Any ideas?Last edited by enkil on Wed Oct 24, 2007 11:44 am; edited 1 time in total

----------

## snIP3r

hi!

i don't know if this is a good idea but i would reinstall the cpufreqd and then restart the daemon. perhaps this might help...

HTH

snIP3r

----------

## enkil

I'm currently not using cpufreqd... I'm setting the governor to ondemand via cpufrequtils. I think this is a kernel-issue, because this problem onlyhappens with 2.6.23. I tried to shut down everything that could possibly control frequency scaling, but even when I'm on a console without X or acpid the same thing happens: When the CPU is under load for like 30 seconds, the max frequency is set to 1.00 GHz. When I change the governor to e.g. performance, max frequency is still set to 1.00 GHz.

When the CPU is idle again for maybe one minute, max frequency is returned to 2.00 GHz. Could be that acpi is trying to avoid overheating or something, but the CPU temperature is far below critical. Usually the CPU idles at 40-45°C, AFAIK the temperature gets critical way obove 100°C for mobile Core2Duo CPUs.

----------

## toralf

Do you use CONFIG_X86_ACPI_CPUFREQ or CONFIG_X86_SPEEDSTEP_CENTRINO ?

----------

## enkil

I'm using CONFIG_X86_ACPI_CPUFREQ. I tried using Enhanced Speedstep, but I get no frequency scaling at all with Enhanced Speedstep.

----------

## Ishiki

I've similar problem. My CPU is Core 2 Duo T5500 on a notebook. With 2.6.22 everything runs flawlessly, but 2.6.23 prevents me from using frequency scaling. I can't even load speedstep_centrino module (fails with 'no such device'), and I have CONFIG_X86_ACPI_CPUFREQ=y...

Any ideas ?

----------

## HymnToLife

 *Ishiki wrote:*   

>  I can't even load speedstep_centrino module (fails with 'no such device'), and I have CONFIG_X86_ACPI_CPUFREQ=y...
> 
> Any ideas ?

 

Load acpi-cpufreq instead.

----------

## toralf

 *HymnToLife wrote:*   

>  *Ishiki wrote:*    I can't even load speedstep_centrino module (fails with 'no such device'), and I have CONFIG_X86_ACPI_CPUFREQ=y...
> 
> Any ideas ? 
> 
> Load acpi-cpufreq instead.

 And furthermore the centrino modul is deprecated in future kernel versins and fully replaced by the acpi module.

----------

## HymnToLife

 *toralf wrote:*   

>  *HymnToLife wrote:*    *Ishiki wrote:*    I can't even load speedstep_centrino module (fails with 'no such device'), and I have CONFIG_X86_ACPI_CPUFREQ=y...
> 
> Any ideas ? 
> 
> Load acpi-cpufreq instead.
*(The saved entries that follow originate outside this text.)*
(* Let $S_1, S_2$ be triangle meshes with $n_1$ and $n_2$ vertices, and for $i=1,2$ let $\Phi_i \in \mathbb{R}^{n_i \times k}$ be the matrix of the first $k$ eigenfunctions of the cotangent Laplace–Beltrami operator of $S_i$, normalized so that $\Phi_i^T A_i \Phi_i = \mathbb{I}$, where $A_i$ is the area (mass) matrix of $S_i$. Put $\Phi_i^{\dagger} = \Phi_i^T A_i$. Let $F_1 \in \mathbb{R}^{n_1\times p}$ and $F_2 \in \mathbb{R}^{n_2 \times p}$ be feature matrices produced by a feature extractor that is complete, i.e. $F_i = \Phi_i \Phi_i^{\dagger} F_i$ for $i=1,2$. Let $\mathbf{A}_1 = \Phi_1^{\dagger} F_1$, $\mathbf{A}_2 = \Phi_2^{\dagger} F_2$, and $\mathbf{C}_{\rm opt} = \arg\min_{\mathbf{C}\in\mathbb{R}^{k\times k}} \|\mathbf{C}\mathbf{A}_1 - \mathbf{A}_2\|_F$. Assume that all optimization problems below have unique global minimizers (in particular $\mathbf{A}_1$ has full rank, and in problems of the form $\arg\min_{\Pi}\|\Pi G_1 - G_2\|$ the rows of $G_1$ are pairwise distinct). Then: (1) If $\Pi F_1 = F_2$ for some point-to-point map matrix $\Pi \in \{0,1\}^{n_2\times n_1}$, then $\mathbf{C}_{12} = \Phi_2^{\dagger}\Pi\Phi_1$ is basis-aligning; moreover $\mathbf{C}_{12} = \mathbf{C}_{\rm opt}$, and the point-to-point map obtained from $\mathbf{C}_{\rm opt}$ by the adjoint method, $\arg\min_{\Pi'} \|\Pi'\Phi_1 - \Phi_2 \mathbf{C}_{\rm opt}\|$, coincides with the one obtained by nearest-neighbour search in feature space, $\arg\min_{\Pi'}\|\Pi' F_1 - F_2\|$. (2) Conversely, if $F_1, F_2$ are complete and $\mathbf{C}_{\rm opt}$ is basis-aligning, then $\arg\min_{\Pi}\|\Pi F_1 - F_2\| = \arg\min_{\Pi}\|\Pi\Phi_1 - \Phi_2 \mathbf{C}_{\rm opt}\|$. Here all minimizations over $\Pi$ range over point-to-point map matrices $\Pi\in\{0,1\}^{n_2\times n_1}$.
   Context: A point-to-point map from the vertices of $S_2$ to the vertices of $S_1$ is encoded as a matrix $\Pi \in \{0,1\}^{n_2 \times n_1}$ with exactly one entry equal to $1$ in each row ($\Pi(i,j)=1$ iff vertex $i$ of $S_2$ is mapped to vertex $j$ of $S_1$). Norms $\|\cdot\|$ are Frobenius norms. A functional map $\mathbf{C}_{12}\in\mathbb{R}^{k\times k}$ is called basis-aligning if there exists a point-to-point map matrix $\Pi_{21}\in\{0,1\}^{n_2\times n_1}$ such that $\Phi_2 \mathbf{C}_{12} = \Pi_{21}\Phi_1$. The "adjoint method" converts a functional map $\mathbf{C}_{12}$ into a point-to-point map by solving $\arg\min_{\Pi}\|\Pi\Phi_1 - \Phi_2\mathbf{C}_{12}\|$, i.e. nearest-neighbour search between rows of $\Phi_1$ and rows of $\Phi_2\mathbf{C}_{12}$. *)

theory Defs
  imports "HOL-Analysis.Analysis"
begin

text \<open>Matrices are HOL-Analysis matrices: an m x n real matrix is of type
  real^'n^'m (rows indexed by 'm). The norm on real^'n^'m is the Euclidean norm
  of the vector of row norms, i.e. exactly the Frobenius norm.\<close>

definition p2p_map :: "real^'a^'b \<Rightarrow> bool" where
  "p2p_map P \<longleftrightarrow> (\<forall>i j. P$i$j = 0 \<or> P$i$j = 1) \<and> (\<forall>i. \<exists>!j. P$i$j = 1)"

definition basis_aligning ::
  "real^'k^'a \<Rightarrow> real^'k^'b \<Rightarrow> real^'k^'k \<Rightarrow> bool" where
  "basis_aligning Phi1 Phi2 C \<longleftrightarrow> (\<exists>P::real^'a^'b. p2p_map P \<and> Phi2 ** C = P ** Phi1)"

definition pinv_A :: "real^'k^'n \<Rightarrow> real^'n^'n \<Rightarrow> real^'n^'k" where
  "pinv_A Phi A = transpose Phi ** A"

definition complete_feat :: "real^'k^'n \<Rightarrow> real^'n^'n \<Rightarrow> real^'p^'n \<Rightarrow> bool" where
  "complete_feat Phi A F \<longleftrightarrow> F = Phi ** (pinv_A Phi A ** F)"

definition spd :: "real^'n^'n \<Rightarrow> bool" where
  "spd A \<longleftrightarrow> transpose A = A \<and> (\<forall>x. x \<noteq> 0 \<longrightarrow> x \<bullet> (A *v x) > 0)"

definition eigenbasis ::
  "real^'n^'n \<Rightarrow> real^'n^'n \<Rightarrow> real^'k \<Rightarrow> real^'k^'n \<Rightarrow> bool" where
  "eigenbasis L A lam Phi \<longleftrightarrow> transpose L = L \<and> spd A \<and>
     L ** Phi = A ** Phi ** (\<chi> i j. if i = j then lam$i else 0) \<and>
     transpose Phi ** A ** Phi = mat 1"

end

theory Submission
  imports Defs
begin

text \<open>Completeness gives \<open>F1 = Phi1 B\<close> and \<open>F2 = Phi2 Y\<close> with \<open>B = Phi1\<^sup>\<dagger> F1\<close>
  and \<open>Y = Phi2\<^sup>\<dagger> F2\<close>, and uniqueness of the least-squares solution \<open>Copt\<close> of
  \<open>C B \<approx> Y\<close> means that \<open>M B = 0\<close> forces \<open>M = 0\<close>.
  For (2), if \<open>Phi2 Copt = Q Phi1\<close> then
  \<open>P F1 - F2 = (P Phi1 - Phi2 Copt) B + Phi2 E\<close> with \<open>E = Copt B - Y\<close>; the normal
  equation \<open>E B\<^sup>T = 0\<close> makes the two summands orthogonal, and \<open>Q\<close> annihilates the
  first one, so \<open>Q\<close> minimises the feature residual as well as the adjoint one.
  For (1), \<open>(Pi Phi1 - Phi2 C12) B = F2 - Phi2 Phi2\<^sup>\<dagger> F2 = 0\<close>, so \<open>Phi2 C12 = Pi Phi1\<close>;
  moreover \<open>C12 B = Y\<close>, so \<open>C12\<close> solves the least-squares problem exactly, hence
  \<open>C12 = Copt\<close> is basis-aligning and (2) applies.\<close>

lemma matrix_add_rdistrib: "((A::real^'n^'m) + B) ** (C::real^'p^'n) = A ** C + B ** C"
  by (vector matrix_matrix_mult_def sum.distrib[symmetric] field_simps)

lemma matrix_diff_rdistrib: "((A::real^'n^'m) - B) ** (C::real^'p^'n) = A ** C - B ** C"
  by (vector matrix_matrix_mult_def sum_subtractf[symmetric] field_simps)

lemma matrix_diff_ldistrib: "(A::real^'n^'m) ** ((B::real^'p^'n) - C) = A ** B - A ** C"
  by (vector matrix_matrix_mult_def sum_subtractf[symmetric] field_simps)

lemma inner_matrix_mult_left:
  "((X::real^'n^'m) ** (Y::real^'p^'n)) \<bullet> Z = X \<bullet> (Z ** transpose Y)"
proof -
  have "(X ** Y) \<bullet> Z = (\<Sum>i\<in>UNIV. \<Sum>k\<in>UNIV. \<Sum>j\<in>UNIV. X$i$j * Y$j$k * Z$i$k)"
    by (simp add: inner_vec_def matrix_matrix_mult_def sum_distrib_right)
  also have "\<dots> = (\<Sum>i\<in>UNIV. \<Sum>j\<in>UNIV. \<Sum>k\<in>UNIV. X$i$j * Y$j$k * Z$i$k)"
    by (rule sum.cong[OF refl], rule sum.swap)
  also have "\<dots> = X \<bullet> (Z ** transpose Y)"
    by (simp add: inner_vec_def matrix_matrix_mult_def transpose_def sum_distrib_left mult_ac)
  finally show ?thesis .
qed

lemma orthogonal_if_norm_minimal_on_line:
  fixes e v :: "'a::real_inner"
  assumes min: "\<And>t. norm e \<le> norm (e - t *\<^sub>R v)"
  shows "orthogonal e v"
proof (cases "v = 0")
  case False
  define t where "t = (e \<bullet> v) / (v \<bullet> v)"
  have vv: "v \<bullet> v > 0" using False by simp
  have "norm (e - t *\<^sub>R v) ^ 2 = e \<bullet> e - 2 * t * (e \<bullet> v) + t^2 * (v \<bullet> v)"
    unfolding power2_norm_eq_inner
    by (simp add: inner_diff_left inner_diff_right inner_commute[of v e] power2_eq_square
        algebra_simps)
  also have "\<dots> = norm e ^ 2 - (e \<bullet> v)^2 / (v \<bullet> v)"
    using vv by (simp add: t_def dot_square_norm field_simps power2_eq_square)
  finally have "norm (e - t *\<^sub>R v) ^ 2 = norm e ^ 2 - (e \<bullet> v)^2 / (v \<bullet> v)" .
  moreover have "norm e ^ 2 \<le> norm (e - t *\<^sub>R v) ^ 2"
    using min[of t] by (simp add: power_mono)
  ultimately have "(e \<bullet> v)^2 / (v \<bullet> v) \<le> 0" by simp
  then have "(e \<bullet> v)^2 \<le> 0" using vv by (simp add: divide_le_0_iff)
  then show ?thesis by (simp add: orthogonal_def)
qed (simp add: orthogonal_def)

lemma least_squares_normal_equation:
  fixes B :: "real^'p^'k" and Y :: "real^'p^'m" and C :: "real^'k^'m"
  assumes min: "\<And>C'. norm (C ** B - Y) \<le> norm (C' ** B - Y)"
  shows "(C ** B - Y) ** transpose B = 0"
proof -
  define G where "G = (C ** B - Y) ** transpose B"
  have "norm (C ** B - Y) \<le> norm ((C ** B - Y) - t *\<^sub>R (G ** B))" for t
    using min[of "C - t *\<^sub>R G"]
    by (simp add: matrix_diff_rdistrib scalar_matrix_assoc[symmetric] algebra_simps)
  then have "(C ** B - Y) \<bullet> (G ** B) = 0"
    using orthogonal_if_norm_minimal_on_line orthogonal_def by blast
  moreover have "(C ** B - Y) \<bullet> (G ** B) = G \<bullet> G"
    by (simp add: inner_commute[of _ "G ** B"] inner_matrix_mult_left G_def)
  ultimately show ?thesis by (simp add: G_def)
qed

text \<open>Any shape of \<open>M\<close> is allowed: if \<open>M B = 0\<close>, the matrix \<open>D\<close> all of whose rows equal
  row \<open>i\<close> of \<open>M\<close> satisfies \<open>D B = 0\<close>, so \<open>C + D\<close> is another minimiser.\<close>
lemma unique_least_squares_cancel:
  fixes B :: "real^'p^'k" and Y :: "real^'p^'m" and C :: "real^'k^'m"
    and M :: "real^'k^'n"
  assumes C_min: "is_arg_min (\<lambda>C. norm (C ** B - Y)) (\<lambda>_. True) C"
    and C_uniq: "\<And>C'. is_arg_min (\<lambda>C. norm (C ** B - Y)) (\<lambda>_. True) C' \<Longrightarrow> C' = C"
    and MB: "M ** B = 0"
  shows "M = 0"
proof -
  have "M $ i = 0" for i
  proof -
    define D :: "real^'k^'m" where "D = (\<chi> r. M $ i)"
    have "D ** B = (\<chi> r. (M ** B) $ i)"
      by (simp add: D_def matrix_matrix_mult_def)
    then have "(C + D) ** B = C ** B"
      using MB by (simp add: matrix_add_rdistrib vec_eq_iff)
    then have "C + D = C"
      using C_min by (intro C_uniq) (simp add: is_arg_min_def)
    then show ?thesis by (simp add: D_def vec_eq_iff)
  qed
  then show ?thesis by (simp add: vec_eq_iff)
qed

lemma is_arg_min_iff_eq_unique:
  fixes f :: "'a \<Rightarrow> 'b::linorder"
  assumes "P x" "\<And>y. P y \<Longrightarrow> f x \<le> f y" "\<exists>!x. is_arg_min f P x"
  shows "is_arg_min f P y \<longleftrightarrow> y = x"
proof -
  have "is_arg_min f P x" using assms(1,2) by (auto simp: is_arg_min_def not_less)
  then show ?thesis using assms(3) by blast
qed

lemma exact_feature_map_aligns_bases:
  fixes Phi1 :: "real^'k^'a" and Phi2 :: "real^'k^'b" and Pi :: "real^'a^'b"
    and B :: "real^'p^'k"
  assumes compl2: "complete_feat Phi2 A2 F2"
    and F1: "F1 = Phi1 ** B" and PiF: "Pi ** F1 = F2"
    and cancel: "\<And>M::real^'k^'b. M ** B = 0 \<Longrightarrow> M = 0"
  shows "Phi2 ** (pinv_A Phi2 A2 ** Pi ** Phi1) = Pi ** Phi1"
proof -
  have "(Pi ** Phi1 - Phi2 ** (pinv_A Phi2 A2 ** Pi ** Phi1)) ** B
          = Pi ** F1 - Phi2 ** (pinv_A Phi2 A2 ** (Pi ** F1))"
    by (simp add: matrix_diff_rdistrib F1 matrix_mul_assoc)
  also have "\<dots> = 0" using PiF compl2 by (simp add: complete_feat_def)
  finally show ?thesis using cancel by fastforce
qed

lemma aligned_map_minimizes_feature_residual:
  fixes Phi1 :: "real^'k^'a" and Phi2 :: "real^'k^'b" and P Q :: "real^'a^'b"
    and B :: "real^'p^'k" and Y :: "real^'p^'k"
  assumes F1: "F1 = Phi1 ** B" and F2: "F2 = Phi2 ** Y"
    and normal: "(C ** B - Y) ** transpose B = 0"
    and aligned: "Phi2 ** C = Q ** Phi1"
  shows "norm (Q ** F1 - F2) \<le> norm (P ** F1 - F2)"
proof -
  define E where "E = C ** B - Y"
  have QF: "Q ** F1 - F2 = Phi2 ** E"
    by (simp add: E_def F1 F2 matrix_diff_ldistrib matrix_mul_assoc aligned)
  have PF: "P ** F1 - F2 = (P ** Phi1 - Phi2 ** C) ** B + Phi2 ** E"
    by (simp add: E_def F1 F2 matrix_diff_ldistrib matrix_diff_rdistrib matrix_mul_assoc)
  have "orthogonal ((P ** Phi1 - Phi2 ** C) ** B) (Phi2 ** E)"
    using normal
    by (simp add: orthogonal_def inner_matrix_mult_left E_def matrix_mul_assoc[symmetric])
  then have "norm (P ** F1 - F2) ^ 2 =
      norm ((P ** Phi1 - Phi2 ** C) ** B) ^ 2 + norm (Q ** F1 - F2) ^ 2"
    unfolding PF QF by (rule norm_add_Pythagorean)
  then show ?thesis by (simp add: power2_le_imp_le)
qed

lemma basis_aligning_least_squares_same_p2p_map:
  fixes Phi1 :: "real^'k^'a" and Phi2 :: "real^'k^'b" and P :: "real^'a^'b"
    and B :: "real^'p^'k" and Y :: "real^'p^'k" and C :: "real^'k^'k"
  assumes F1: "F1 = Phi1 ** B" and F2: "F2 = Phi2 ** Y"
    and C_min: "is_arg_min (\<lambda>C. norm (C ** B - Y)) (\<lambda>_. True) C"
    and C_aligning: "basis_aligning Phi1 Phi2 C"
    and feat_uniq: "\<exists>!P::real^'a^'b. is_arg_min (\<lambda>P. norm (P ** F1 - F2)) p2p_map P"
    and adj_uniq: "\<exists>!P::real^'a^'b. is_arg_min (\<lambda>P. norm (P ** Phi1 - Phi2 ** C)) p2p_map P"
  shows "is_arg_min (\<lambda>P. norm (P ** F1 - F2)) p2p_map P \<longleftrightarrow>
         is_arg_min (\<lambda>P. norm (P ** Phi1 - Phi2 ** C)) p2p_map P"
proof -
  obtain Q :: "real^'a^'b" where Q: "p2p_map Q" and aligned: "Phi2 ** C = Q ** Phi1"
    using C_aligning unfolding basis_aligning_def by blast
  have "(C ** B - Y) ** transpose B = 0"
    using C_min by (intro least_squares_normal_equation) (auto simp: is_arg_min_def not_less)
  then have "norm (Q ** F1 - F2) \<le> norm (P' ** F1 - F2)" for P' :: "real^'a^'b"
    by (rule aligned_map_minimizes_feature_residual[OF F1 F2 _ aligned])
  then show ?thesis
    using aligned is_arg_min_iff_eq_unique[OF Q _ adj_uniq]
      is_arg_min_iff_eq_unique[OF Q _ feat_uniq]
    by simp
qed

theorem theorem1:
  fixes L1 A1 :: "real^'a::finite^'a" and L2 A2 :: "real^'b::finite^'b"
    and lam1 lam2 :: "real^'k::finite"
    and Phi1 :: "real^'k^'a" and Phi2 :: "real^'k^'b"
    and F1 :: "real^'p::finite^'a" and F2 :: "real^'p^'b"
    and Copt :: "real^'k^'k"
  assumes eig1: "eigenbasis L1 A1 lam1 Phi1"
    and eig2: "eigenbasis L2 A2 lam2 Phi2"
    and compl1: "complete_feat Phi1 A1 F1"
    and compl2: "complete_feat Phi2 A2 F2"
    and Copt_min: "is_arg_min (\<lambda>C. norm (C ** (pinv_A Phi1 A1 ** F1) - pinv_A Phi2 A2 ** F2))
                     (\<lambda>_. True) Copt"
    and Copt_uniq: "\<And>C. is_arg_min (\<lambda>C. norm (C ** (pinv_A Phi1 A1 ** F1) - pinv_A Phi2 A2 ** F2))
                     (\<lambda>_. True) C \<Longrightarrow> C = Copt"
    and feat_uniq: "\<exists>!P::real^'a^'b. is_arg_min (\<lambda>P. norm (P ** F1 - F2)) p2p_map P"
    and adj_uniq: "\<exists>!P::real^'a^'b. is_arg_min (\<lambda>P. norm (P ** Phi1 - Phi2 ** Copt)) p2p_map P"
  shows
   "(\<forall>Pi::real^'a^'b. p2p_map Pi \<and> Pi ** F1 = F2 \<longrightarrow>
        basis_aligning Phi1 Phi2 (pinv_A Phi2 A2 ** Pi ** Phi1) \<and>
        pinv_A Phi2 A2 ** Pi ** Phi1 = Copt \<and>
        (\<forall>P::real^'a^'b. is_arg_min (\<lambda>P. norm (P ** Phi1 - Phi2 ** Copt)) p2p_map P \<longleftrightarrow>
                          is_arg_min (\<lambda>P. norm (P ** F1 - F2)) p2p_map P))
    \<and> (basis_aligning Phi1 Phi2 Copt \<longrightarrow>
        (\<forall>P::real^'a^'b. is_arg_min (\<lambda>P. norm (P ** F1 - F2)) p2p_map P \<longleftrightarrow>
                          is_arg_min (\<lambda>P. norm (P ** Phi1 - Phi2 ** Copt)) p2p_map P))"
proof -
  define B where "B = pinv_A Phi1 A1 ** F1"
  define Y where "Y = pinv_A Phi2 A2 ** F2"
  have F1: "F1 = Phi1 ** B" and F2: "F2 = Phi2 ** Y"
    using compl1 compl2 by (simp_all add: complete_feat_def B_def Y_def)
  note Copt_min' = Copt_min[folded B_def Y_def] and Copt_uniq' = Copt_uniq[folded B_def Y_def]
  note same_p2p_map =
    basis_aligning_least_squares_same_p2p_map[OF F1 F2 Copt_min' _ feat_uniq adj_uniq]
  have "basis_aligning Phi1 Phi2 (pinv_A Phi2 A2 ** Pi ** Phi1) \<and>
        pinv_A Phi2 A2 ** Pi ** Phi1 = Copt"
    if Pi: "p2p_map Pi" and PiF: "Pi ** F1 = F2" for Pi :: "real^'a^'b"
  proof -
    have aligned: "Phi2 ** (pinv_A Phi2 A2 ** Pi ** Phi1) = Pi ** Phi1"
      using exact_feature_map_aligns_bases[OF compl2 F1 PiF
          unique_least_squares_cancel[OF Copt_min' Copt_uniq']] .
    have "(pinv_A Phi2 A2 ** Pi ** Phi1) ** B = pinv_A Phi2 A2 ** (Pi ** F1)"
      by (simp add: F1 matrix_mul_assoc)
    then have "pinv_A Phi2 A2 ** Pi ** Phi1 = Copt"
      using PiF by (intro Copt_uniq') (simp add: is_arg_min_def Y_def)
    with aligned show ?thesis using Pi by (auto simp: basis_aligning_def)
  qed
  then show ?thesis using same_p2p_map by blast
qed

end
And furthermore the centrino modul is deprecated in future kernel versins and fully replaced by the acpi module.

 

Well, it's been like this since 2.6.19

----------

## Ishiki

Yes, acpi-cpufreq, in theory, should support Core 2 Duo, but only in theory, as modprobe acpi-cpufreq results in "no such device".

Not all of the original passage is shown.